INDEPENDENT NEWS

Charles William Williams and others v Auckland Council

Published: Fri 9 Oct 2015 03:45 PM
Charles William Williams and others v Auckland Council
(CA251/2014)
This summary is provided to assist in the understanding of the Court’s judgment. It does not comprise part of the reasons for that judgment. The full judgment with reasons is the only authoritative document. The full text of the judgment and reasons can be found at Judicial Decisions of Public Interest:
http://www.courtsofnz.govt.nz/from/decisions/judgments.html
The Court of Appeal (Justice Harrison, Justice French and Justice Mallon) has dismissed an appeal by descendants of owners of over 70 hectares of waterfront land at Te Atatu, West Auckland. The land was taken by Auckland Council’s predecessor, the Auckland Harbour Board, in the 1950s to develop a port at Te Atatu. It is now the site of residential housing, a public park, and reserve areas, with a value of up to $70 million.

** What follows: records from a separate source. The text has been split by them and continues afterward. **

lemma second_difference_tendsto:
  fixes f :: "'a::real_normed_vector \<Rightarrow> real"
  assumes "open S" "x \<in> S"
    and f: "\<And>y. y \<in> S \<Longrightarrow> (f has_derivative D y) (at y)"
    and E: "((\<lambda>y. D y u) has_derivative E) (at x)"
  shows "((\<lambda>h. second_difference f x u v h / h\<^sup>2) \<longlongrightarrow> E v) (at_right 0)"
  unfolding tendsto_iff eventually_at_right_field dist_real_def
proof (intro allI impI)
  fix e :: real
  assume "e > 0"
  define c where "c = norm u + norm v"
  define \<epsilon> where "\<epsilon> = e / (2 * c + 1)"
  have "c \<ge> 0" by (simp add: c_def)
  then have "\<epsilon> > 0" "2 * \<epsilon> * c < e"
    using \<open>e > 0\<close> by (simp_all add: \<epsilon>_def field_simps)
  obtain \<delta> where "\<delta> > 0"
    and \<delta>: "\<And>y. norm (y - x) < \<delta> \<Longrightarrow> \<bar>D y u - D x u - E (y - x)\<bar> \<le> \<epsilon> * norm (y - x)"
    using E \<open>\<epsilon> > 0\<close> unfolding has_derivative_at_alt real_norm_def by blast
  obtain r where "r > 0" and "ball x r \<subseteq> S"
    using assms(1,2) open_contains_ball by blast
  define \<rho> where "\<rho> = min \<delta> r"
  have "ball x \<rho> \<subseteq> S" "\<rho> > 0"
    using \<open>ball x r \<subseteq> S\<close> \<open>\<delta> > 0\<close> \<open>r > 0\<close> by (auto simp: \<rho>_def)
  have remainder: "\<bar>D y u - D x u - E (y - x)\<bar> \<le> \<epsilon> * norm (y - x)" if "y \<in> ball x \<rho>" for y
    using \<delta>[of y] that by (simp add: \<rho>_def dist_norm norm_minus_commute)
  have estimate: "\<bar>second_difference f x u v h / h\<^sup>2 - E v\<bar> \<le> 2 * \<epsilon> * c"
    if "0 < h" "h * c < \<rho>" for h
    using that \<open>\<epsilon> > 0\<close> \<open>ball x \<rho> \<subseteq> S\<close> unfolding c_def
    by (intro second_difference_estimate[where S = S and D = D])
      (auto intro: f remainder has_derivative_linear[OF E])
  show "\<exists>b>0. \<forall>h>0. h < b \<longrightarrow> \<bar>second_difference f x u v h / h\<^sup>2 - E v\<bar> < e"
  proof (intro exI[of _ "\<rho> / (c + 1)"] conjI allI impI)
    show "\<rho> / (c + 1) > 0"
      using \<open>\<rho> > 0\<close> \<open>c \<ge> 0\<close> by simp
    fix h :: real
    assume "0 < h" "h < \<rho> / (c + 1)"
    then have "h * c < \<rho>"
      using \<open>c \<ge> 0\<close> by (simp add: less_divide_eq) (smt (verit) mult_left_mono)
    with estimate[OF \<open>0 < h\<close>] \<open>2 * \<epsilon> * c < e\<close>
    show "\<bar>second_difference f x u v h / h\<^sup>2 - E v\<bar> < e"
      by linarith
  qed
qed

lemma second_derivative_symmetric:
  fixes f :: "'a::real_normed_vector \<Rightarrow> real"
  assumes "open S" "x \<in> S"
    and f: "\<And>y. y \<in> S \<Longrightarrow> (f has_derivative D y) (at y)"
    and "((\<lambda>y. D y u) has_derivative Eu) (at x)"
    and "((\<lambda>y. D y v) has_derivative Ev) (at x)"
  shows "Eu v = Ev u"
  using second_difference_tendsto[OF assms(1,2) f assms(4), of v]
    second_difference_tendsto[OF assms(1,2) f assms(5), of u]
  unfolding second_difference_commute[of f x v u]
  by (rule tendsto_unique[OF trivial_limit_at_right_real])

lemma partial_deriv_eq_derivative:
  assumes "(f has_derivative Df) (at x)"
  shows "partial_deriv j f x = Df (axis j 1)"
proof -
  have "((\<lambda>t. x + t *\<^sub>R axis j 1) has_derivative (\<lambda>t. t *\<^sub>R axis j 1)) (at 0)"
    by (auto intro!: derivative_eq_intros)
  with assms have "((\<lambda>t. f (x + t *\<^sub>R axis j 1)) has_derivative (\<lambda>t. Df (t *\<^sub>R axis j 1))) (at 0)"
    using has_derivative_compose by fastforce
  then have "((\<lambda>t. f (x + t *\<^sub>R axis j 1)) has_derivative (\<lambda>t. t *\<^sub>R Df (axis j 1))) (at 0)"
    by (simp add: linear_scale[OF has_derivative_linear[OF assms]])
  then show ?thesis
    unfolding partial_deriv_def has_vector_derivative_def[symmetric] by (rule vector_derivative_at)
qed

lemma has_derivative_vec_nth:
  "(f has_derivative f') F \<Longrightarrow> ((\<lambda>x. f x $ i) has_derivative (\<lambda>h. f' h $ i)) F"
  by (rule bounded_linear.has_derivative[OF bounded_linear_vec_nth])

lemma rotation_matrix_2_entries:
  fixes Q :: "real^2^2"
  assumes "rotation_matrix Q"
  shows "Q$1$2 = - Q$2$1" "Q$2$2 = Q$1$1" "(Q$1$1)\<^sup>2 + (Q$2$1)\<^sup>2 = 1"
proof -
  have orth: "transpose Q ** Q = mat 1" and "det Q = 1"
    using assms by (auto simp: rotation_matrix_def orthogonal_matrix)
  have col1: "(Q$1$1)\<^sup>2 + (Q$2$1)\<^sup>2 = 1" and col2: "(Q$1$2)\<^sup>2 + (Q$2$2)\<^sup>2 = 1"
    using arg_cong[OF orth, of "\<lambda>M. M$1$1"] arg_cong[OF orth, of "\<lambda>M. M$2$2"]
    by (simp_all add: matrix_matrix_mult_def transpose_def mat_def sum_2 power2_eq_square)
  have "Q$1$1 * Q$2$2 - Q$1$2 * Q$2$1 = 1"
    using \<open>det Q = 1\<close> by (simp add: det_2)
  with col1 col2 have "(Q$2$2 - Q$1$1)\<^sup>2 + (Q$1$2 + Q$2$1)\<^sup>2 = 0"
    by (simp add: power2_eq_square algebra_simps)
  then show "Q$1$2 = - Q$2$1" "Q$2$2 = Q$1$1"
    by (simp_all add: sum_power2_eq_zero_iff)
  show "(Q$1$1)\<^sup>2 + (Q$2$1)\<^sup>2 = 1" by (fact col1)
qed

The owners asked the Court to declare that the Council had to offer the land for sale at 1980s prices back to the owners or their descendants under the Public Works Act 1981, because by the early 1980s the land was no longer going to be used for a port or any other public work.

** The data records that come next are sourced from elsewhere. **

(* Let $\mu=\min\{\kappa : 2^{\kappa}$ is not selectively sequentially separable$\}$. Then $\mu=\min\{\mathfrak{b},\mathfrak{q}\}$.
   Context: $2^\kappa$ denotes the Cantor cube $\{0,1\}^\kappa$ with the product topology. A space $Z$ is selectively sequentially separable if for every sequence $(D_n:n\in\mathbb{N})$ of sequentially dense subsets of $Z$ (sets such that every point of $Z$ is a limit of a sequence from the set) one can choose finite $F_n\subseteq D_n$ so that $\bigcup_n F_n$ is sequentially dense in $Z$. $\mathfrak{b}$ is the least cardinality of a subset of $\mathbb{N}^{\mathbb{N}}$ unbounded with respect to $\leq^*$ ($f\leq^* g$ iff $f(n)\leq g(n)$ for all but finitely many $n$). A $Q$-set is a subset of $\mathbb{R}$ each of whose subsets is a $G_\delta$ in it; $\mathfrak{q}$ is the smallest cardinal such that for every $\kappa<\mathfrak{q}$ there is a $Q$-set of size $\kappa$. *)

theory Defs
  imports "HOL-Analysis.Analysis"
begin

definition cantor_cube :: "'a set \<Rightarrow> ('a \<Rightarrow> bool) topology" where
  "cantor_cube K = product_topology (\<lambda>_. discrete_topology (UNIV :: bool set)) K"

definition seq_dense :: "'a topology \<Rightarrow> 'a set \<Rightarrow> bool" where
  "seq_dense Z D \<longleftrightarrow> D \<subseteq> topspace Z \<and>
     (\<forall>z \<in> topspace Z. \<exists>s :: nat \<Rightarrow> 'a. range s \<subseteq> D \<and> limitin Z s z sequentially)"

definition sel_seq_separable :: "'a topology \<Rightarrow> bool" where
  "sel_seq_separable Z \<longleftrightarrow>
     (\<forall>D :: nat \<Rightarrow> 'a set. (\<forall>n. seq_dense Z (D n)) \<longrightarrow>
        (\<exists>F :: nat \<Rightarrow> 'a set. (\<forall>n. finite (F n) \<and> F n \<subseteq> D n) \<and>
                               seq_dense Z (\<Union>n. F n)))"

definition unbounded_family :: "(nat \<Rightarrow> nat) set \<Rightarrow> bool" where
  "unbounded_family F \<longleftrightarrow>
     \<not> (\<exists>g :: nat \<Rightarrow> nat. \<forall>f \<in> F. eventually (\<lambda>n. f n \<le> g n) sequentially)"

definition below_b :: "'a set \<Rightarrow> bool" where
  "below_b K \<longleftrightarrow> (\<forall>F. unbounded_family F \<longrightarrow> ordLess2 (card_of K) (card_of F))"

definition qset :: "real set \<Rightarrow> bool" where
  "qset Q \<longleftrightarrow> (\<forall>A \<subseteq> Q. \<exists>U :: nat \<Rightarrow> real set.
                    (\<forall>n. open (U n)) \<and> A = Q \<inter> (\<Inter>n. U n))"

text \<open>|K| < q: there is a Q-set of size |K| (Q-sets are closed under subsets,
  so the sizes of Q-sets form an initial segment of the cardinals and q is
  the least size of no Q-set).\<close>
definition below_q :: "'a set \<Rightarrow> bool" where
  "below_q K \<longleftrightarrow> (\<exists>Q. qset Q \<and> ordIso2 (card_of Q) (card_of K))"

definition below_min_bq :: "'a set \<Rightarrow> bool" where
  "below_min_bq K \<longleftrightarrow> below_b K \<and> below_q K"

end

theory Submission
  imports Defs
begin
(* Under the positivity assumption, there exists a unique minimal stable variable set of $Y$, denoted $\boldsymbol{D}(Y)$. Moreover, the collection $\mathcal{L}(Y)$ of all stable variable sets of $Y$ under $P^{\text{tr}}$ satisfies $$\mathcal{L}(Y)=\{\boldsymbol{S}\subseteq\boldsymbol{X}\mid \boldsymbol{D}(Y)\subseteq\boldsymbol{S}\}.$$
   Context: $\boldsymbol{X}=(X_1,\dots,X_d)^T\in\mathbb{R}^d$ are features and $Y\in\mathbb{R}$ is an outcome with joint training distribution $P^{\text{tr}}(\boldsymbol{X},Y)$ (given by a density); $\mathcal{X}_j$ is the support of $X_j$, and $\mathbb{E}$ denotes expectation under $P^{\text{tr}}$. Positivity assumption: for all $x_1\in\mathcal{X}_1,\dots,x_d\in\mathcal{X}_d$, $P^{\text{tr}}(X_1=x_1,\dots,X_d=x_d)>0$. A subset $\boldsymbol{S}\subseteq\boldsymbol{X}$ is a stable variable set of $Y$ (under $P^{\text{tr}}$) if $\mathbb{E}[Y\mid\boldsymbol{S}]=\mathbb{E}[Y\mid\boldsymbol{X}]$. A minimal stable variable set is a stable variable set none of whose proper subsets is a stable variable set. *)

theory Defs
  imports "HOL-Probability.Probability"
begin

text \<open>Features X_0,...,X_(d-1) are random variables X j :: 'a => real on the
probability space M (the training distribution), outcome Y :: 'a => real.
Sets of features are represented by sets of indices S \<subseteq> {..<d}.\<close>

definition feat_sigma :: "'a measure \<Rightarrow> (nat \<Rightarrow> 'a \<Rightarrow> real) \<Rightarrow> nat set \<Rightarrow> 'a measure" where
  "feat_sigma M X S = sigma (space M)
     {X j -` B \<inter> space M | j B. j \<in> S \<and> B \<in> sets borel}"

The Court of Appeal decided the Board did have a duty to offer the land back to four of the seven descendants, because it had acquired the land for a public work in the first place, and by 1982 still held but no longer required the land for any public work. The descendants did not need to prove the Board took their land compulsorily, although the Court said a notice issued by the Board made it clear early on to all the owners that they had to sell their land.

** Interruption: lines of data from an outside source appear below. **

definition support_of :: "'a::metric_space measure \<Rightarrow> 'a set" where
  "support_of \<mu> = {x. \<forall>e>0. emeasure \<mu> (ball x e) > 0}"

text \<open>kappa is (a version of) the conditional distribution of Y given X under the
  joint distribution K of (X,Y): a probability kernel such that
  K(A x B) = integral over A of kappa x (B) w.r.t. the X-marginal.\<close>
definition cond_dist :: "('a::topological_space \<times> real) measure \<Rightarrow> ('a \<Rightarrow> real measure) \<Rightarrow> bool" where
  "cond_dist K \<kappa> \<longleftrightarrow> \<kappa> \<in> measurable borel (prob_algebra borel) \<and>
     (\<forall>A \<in> sets borel. \<forall>B \<in> sets borel.
        emeasure K (A \<times> B) = (\<integral>\<^sup>+ x \<in> A. emeasure (\<kappa> x) B \<partial>(distr K borel fst)))"

end

theory Submission
  imports Defs
begin

text \<open>For every season length v > 0 and every u,
  g(\<theta> + \<epsilon>, u) \<le> (1 + \<epsilon>) g(\<theta>, v) + (1 + \<epsilon>)/\<epsilon>^2 |u - v|:
  moving the threshold by \<epsilon> makes the ratio Lipschitz in the season length, up to the factor 1 + \<epsilon>.
  Integrating this against a near-optimal coupling of the conditional distributions at x and x'
  gives E g(\<theta> + \<epsilon>) \<le> (1 + \<epsilon>) E' g(\<theta>) + (1 + \<epsilon>) \<Delta>/\<epsilon>^2, and since every ratio is at
  least 1 the additive error becomes the factor 1 + \<Delta>/\<epsilon>^2. The bound holds for all pairs of
  points of the common support, so it survives averaging over both X-marginals; the bound on
  the infima follows by giving K1 the threshold \<theta> + \<epsilon>.\<close>

lemma ski_g_ge_one: "0 \<le> \<theta> \<Longrightarrow> 0 < v \<Longrightarrow> 1 \<le> ski_g \<theta> v"
  unfolding ski_g_def by (auto simp: min_def field_simps)

lemma ski_g_le_one_of_nonpos: "0 < \<theta> \<Longrightarrow> u \<le> 0 \<Longrightarrow> ski_g \<theta> u \<le> 1"
  unfolding ski_g_def by (auto simp: min_def)

lemma ski_g_below_threshold: "0 < u \<Longrightarrow> u < \<theta> \<Longrightarrow> ski_g \<theta> u = max 1 u"
  unfolding ski_g_def by (auto simp: min_def max_def)

lemma ski_g_above_threshold: "\<theta> \<le> u \<Longrightarrow> ski_g \<theta> u = (1 + \<theta>) / min 1 u"
  unfolding ski_g_def by simp

lemma inverse_le_inverse_min_one:
  fixes u v :: real
  assumes "0 < u" "0 < v"
  shows "1 / u \<le> 1 / min 1 v + \<bar>u - v\<bar> / u\<^sup>2"
proof (cases "u \<le> min 1 v")
  case True
  have "1 / u - 1 / min 1 v = (min 1 v - u) / (u * min 1 v)"
    using assms by (simp add: field_simps)
  also have "\<dots> \<le> (min 1 v - u) / u\<^sup>2"
    using True assms by (intro divide_left_mono) (auto simp: power2_eq_square)
  also have "\<dots> \<le> \<bar>u - v\<bar> / u\<^sup>2"
    using assms by (intro divide_right_mono) auto
  finally show ?thesis by simp
next
  case False
  then have "1 / u \<le> 1 / min 1 v" using assms by (intro frac_le) auto
  then show ?thesis by (simp add: add_increasing2)
qed

lemma ski_g_shift_le:
  fixes \<epsilon> \<theta> u v :: real
  assumes \<epsilon>: "0 < \<epsilon>" "\<epsilon> \<le> 1/2" and \<theta>: "0 \<le> \<theta>" and v: "0 < v"
  shows "ski_g (\<theta> + \<epsilon>) u \<le> (1 + \<epsilon>) * ski_g \<theta> v + (1 + \<epsilon>) / \<epsilon>\<^sup>2 * \<bar>u - v\<bar>"
proof -
  define c where "c = (1 + \<epsilon>) / \<epsilon>\<^sup>2"
  have gv: "1 \<le> ski_g \<theta> v" using ski_g_ge_one \<theta> v .
  have c_eps: "c * \<epsilon> = 1 + 1 / \<epsilon>" and inv_eps: "2 \<le> 1 / \<epsilon>"
    using \<epsilon> by (simp_all add: c_def power2_eq_square field_simps)
  have "\<epsilon> * \<epsilon> \<le> 1" using \<epsilon> by (intro mult_le_one) auto
  then have c_ge: "1 \<le> c" using \<epsilon> by (simp add: c_def power2_eq_square)
  have rhs_ge: "ski_g \<theta> v + c * \<bar>u - v\<bar> \<le> (1 + \<epsilon>) * ski_g \<theta> v + c * \<bar>u - v\<bar>"
    using \<epsilon> gv by (simp add: algebra_simps)
  have dist_le: "\<bar>u - v\<bar> \<le> c * \<bar>u - v\<bar>"
    using c_ge by (simp add: mult_le_cancel_right1)
  consider "u \<le> 0" | "0 < u" "u < \<theta> + \<epsilon>" | "\<theta> + \<epsilon> \<le> u" "v < \<theta>" | "\<theta> + \<epsilon> \<le> u" "\<theta> \<le> v"
    by linarith
  then have "ski_g (\<theta> + \<epsilon>) u \<le> (1 + \<epsilon>) * ski_g \<theta> v + c * \<bar>u - v\<bar>"
  proof cases
    case 1
    then show ?thesis
      using ski_g_le_one_of_nonpos[of "\<theta> + \<epsilon>" u] \<epsilon> \<theta> gv rhs_ge dist_le by linarith
  next
    case 2
    have "ski_g (\<theta> + \<epsilon>) u \<le> ski_g \<theta> v + \<bar>u - v\<bar>"
    proof (cases "v < \<theta>")
      case True
      then show ?thesis using 2 v by (auto simp: ski_g_below_threshold max_def)
    next
      case False
      have "1 + \<theta> \<le> ski_g \<theta> v"
        using False v \<theta> by (simp add: ski_g_above_threshold le_divide_eq min_def)
      then show ?thesis using 2 \<epsilon> \<theta> by (auto simp: ski_g_below_threshold max_def)
    qed
    then show ?thesis using rhs_ge dist_le by linarith
  next
    case 3
    have gap: "\<epsilon> \<le> u - v" using 3 by linarith
    have "ski_g (\<theta> + \<epsilon>) u \<le> max 1 v + c * (u - v)"
    proof (cases "1 \<le> u")
      case True
      have "(c - 1) * \<epsilon> \<le> (c - 1) * (u - v)" using gap c_ge by (intro mult_left_mono) auto
      moreover have "1 \<le> (c - 1) * \<epsilon>" using c_eps inv_eps \<epsilon> by (simp add: left_diff_distrib)
      ultimately show ?thesis using 3 True by (simp add: ski_g_above_threshold algebra_simps)
    next
      case False
      have u_pos: "0 < u" using 3 \<epsilon> \<theta> by linarith
      have "ski_g (\<theta> + \<epsilon>) u = (1 + \<theta> + \<epsilon>) / u"
        using 3 False by (simp add: ski_g_above_threshold)
      also have "\<dots> \<le> (1 + u) / u" using 3 u_pos by (intro divide_right_mono) auto
      also have "\<dots> = 1 + 1 / u" using u_pos by (simp add: field_simps)
      also have "\<dots> \<le> 1 + 1 / \<epsilon>" using 3 \<epsilon> \<theta> by (simp add: frac_le)
      also have "\<dots> \<le> c * (u - v)"
        using mult_left_mono[OF gap, of c] c_ge c_eps by simp
      also have "\<dots> \<le> max 1 v + c * (u - v)" by (simp add: add_increasing)
      finally show ?thesis .
    qed
    moreover have "ski_g \<theta> v = max 1 v" using 3 v by (simp add: ski_g_below_threshold)
    moreover have "\<bar>u - v\<bar> = u - v" using gap \<epsilon> by simp
    ultimately show ?thesis using rhs_ge by linarith
  next
    case 4
    have gv_eq: "ski_g \<theta> v = (1 + \<theta>) / min 1 v"
      using 4 by (simp add: ski_g_above_threshold)
    have "ski_g (\<theta> + \<epsilon>) u \<le> (1 + \<epsilon>) * ((1 + \<theta>) / min 1 u)"
      using 4 \<epsilon> \<theta> by (simp add: ski_g_above_threshold divide_right_mono algebra_simps)
    also have "\<dots> \<le> (1 + \<epsilon>) * ski_g \<theta> v + c * \<bar>u - v\<bar>"
    proof (cases "1 \<le> u")
      case True
      have "1 + \<theta> \<le> (1 + \<theta>) / min 1 v" using v \<theta> by (simp add: le_divide_eq min_def)
      then have "(1 + \<epsilon>) * (1 + \<theta>) \<le> (1 + \<epsilon>) * ski_g \<theta> v"
        using \<epsilon> gv_eq by (intro mult_left_mono) auto
      moreover have "0 \<le> c * \<bar>u - v\<bar>" using c_ge by simp
      ultimately show ?thesis using True by simp
    next
      case False
      have u_pos: "0 < u" using 4 \<epsilon> \<theta> by linarith
      have "\<epsilon> * \<epsilon> \<le> 2 * \<epsilon>" using \<epsilon> by (intro mult_right_mono) auto
      then have "\<epsilon> * \<epsilon> * \<theta> \<le> 2 * \<epsilon> * \<theta>" using \<theta> by (rule mult_right_mono)
      then have "(1 + \<theta>) * \<epsilon>\<^sup>2 \<le> (\<theta> + \<epsilon>)\<^sup>2"
        by (simp add: power2_eq_square algebra_simps add_increasing)
      also have "\<dots> \<le> u\<^sup>2" using 4 \<epsilon> \<theta> by (intro power_mono) auto
      finally have "(1 + \<theta>) / u\<^sup>2 \<le> 1 / \<epsilon>\<^sup>2"
        using \<epsilon> u_pos by (simp add: field_simps)
      then have "(1 + \<theta>) / u\<^sup>2 * \<bar>u - v\<bar> \<le> 1 / \<epsilon>\<^sup>2 * \<bar>u - v\<bar>"
        by (rule mult_right_mono) simp
      then have "(1 + \<theta>) * (\<bar>u - v\<bar> / u\<^sup>2) \<le> \<bar>u - v\<bar> / \<epsilon>\<^sup>2" by simp
      moreover have "(1 + \<theta>) * (1 / u) \<le> (1 + \<theta>) * (1 / min 1 v + \<bar>u - v\<bar> / u\<^sup>2)"
        using inverse_le_inverse_min_one[OF u_pos v] \<theta> by (intro mult_left_mono) auto
      ultimately have "(1 + \<theta>) / u \<le> ski_g \<theta> v + \<bar>u - v\<bar> / \<epsilon>\<^sup>2"
        unfolding gv_eq by (simp add: distrib_left)
      then have "(1 + \<epsilon>) * ((1 + \<theta>) / u) \<le> (1 + \<epsilon>) * (ski_g \<theta> v + \<bar>u - v\<bar> / \<epsilon>\<^sup>2)"
        using \<epsilon> by (intro mult_left_mono) auto
      then show ?thesis using False by (simp add: c_def field_simps)
    qed
    finally show ?thesis .
  qed
  then show ?thesis unfolding c_def .
qed

lemma borel_measurable_ski_g [measurable]: "ski_g \<theta> \<in> borel_measurable borel"
  unfolding ski_g_def by measurable

lemma nn_integral_ski_g_ge_one:
  assumes "prob_space D" "0 \<le> \<theta>" "AE y in D. 0 < y"
  shows "1 \<le> (\<integral>\<^sup>+y. ennreal (ski_g \<theta> y) \<partial>D)"
proof -
  have "(\<integral>\<^sup>+y. 1 \<partial>D) \<le> (\<integral>\<^sup>+y. ennreal (ski_g \<theta> y) \<partial>D)"
    using assms(3) by (intro nn_integral_mono_AE) (auto elim!: eventually_mono intro: ski_g_ge_one[OF assms(2)])
  then show ?thesis using prob_space.emeasure_space_1[OF assms(1)] by simp
qed

lemma
  fixes M :: "('a::second_countable_topology \<times> 'b::second_countable_topology) measure"
  assumes "sets M = sets borel"
  shows measurable_fst_borel: "fst \<in> borel_measurable M"
    and measurable_snd_borel: "snd \<in> borel_measurable M"
  by (simp_all add: measurable_cong_sets[OF assms refl] borel_prod[symmetric])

The Court also decided the Council was not able to rely on its 1996 decision to use the exceptions in the Public Works Act. That exception had to be used in a timely way, or else would be lost, meaning that the land had to be offered back.
Auckland Council argued that an Act of Parliament passed in 1983 meant the Council no longer had a duty to offer the land back. But the Court said the Public Works Act was about sale of land while the 1983 Act related only to leases and licences: it did not end the Council’s responsibility to offer the land back to the descendants.
However, the Court decided not to declare that the Council had to offer the land back to the descendants. The descendants had waited too long before bringing their claim, with the consequence that the Council has developed the Te Atatu land into residential housing and a public park that was made possible by levying special rates from the community. The descendants were also not particularly attached to the land. Under agreements they had made with a company that would fund and run this case, the descendants would not keep the land. It would go to the litigation funding company, giving it a windfall because of the substantial difference between the value of the land in the 1980s and its value today.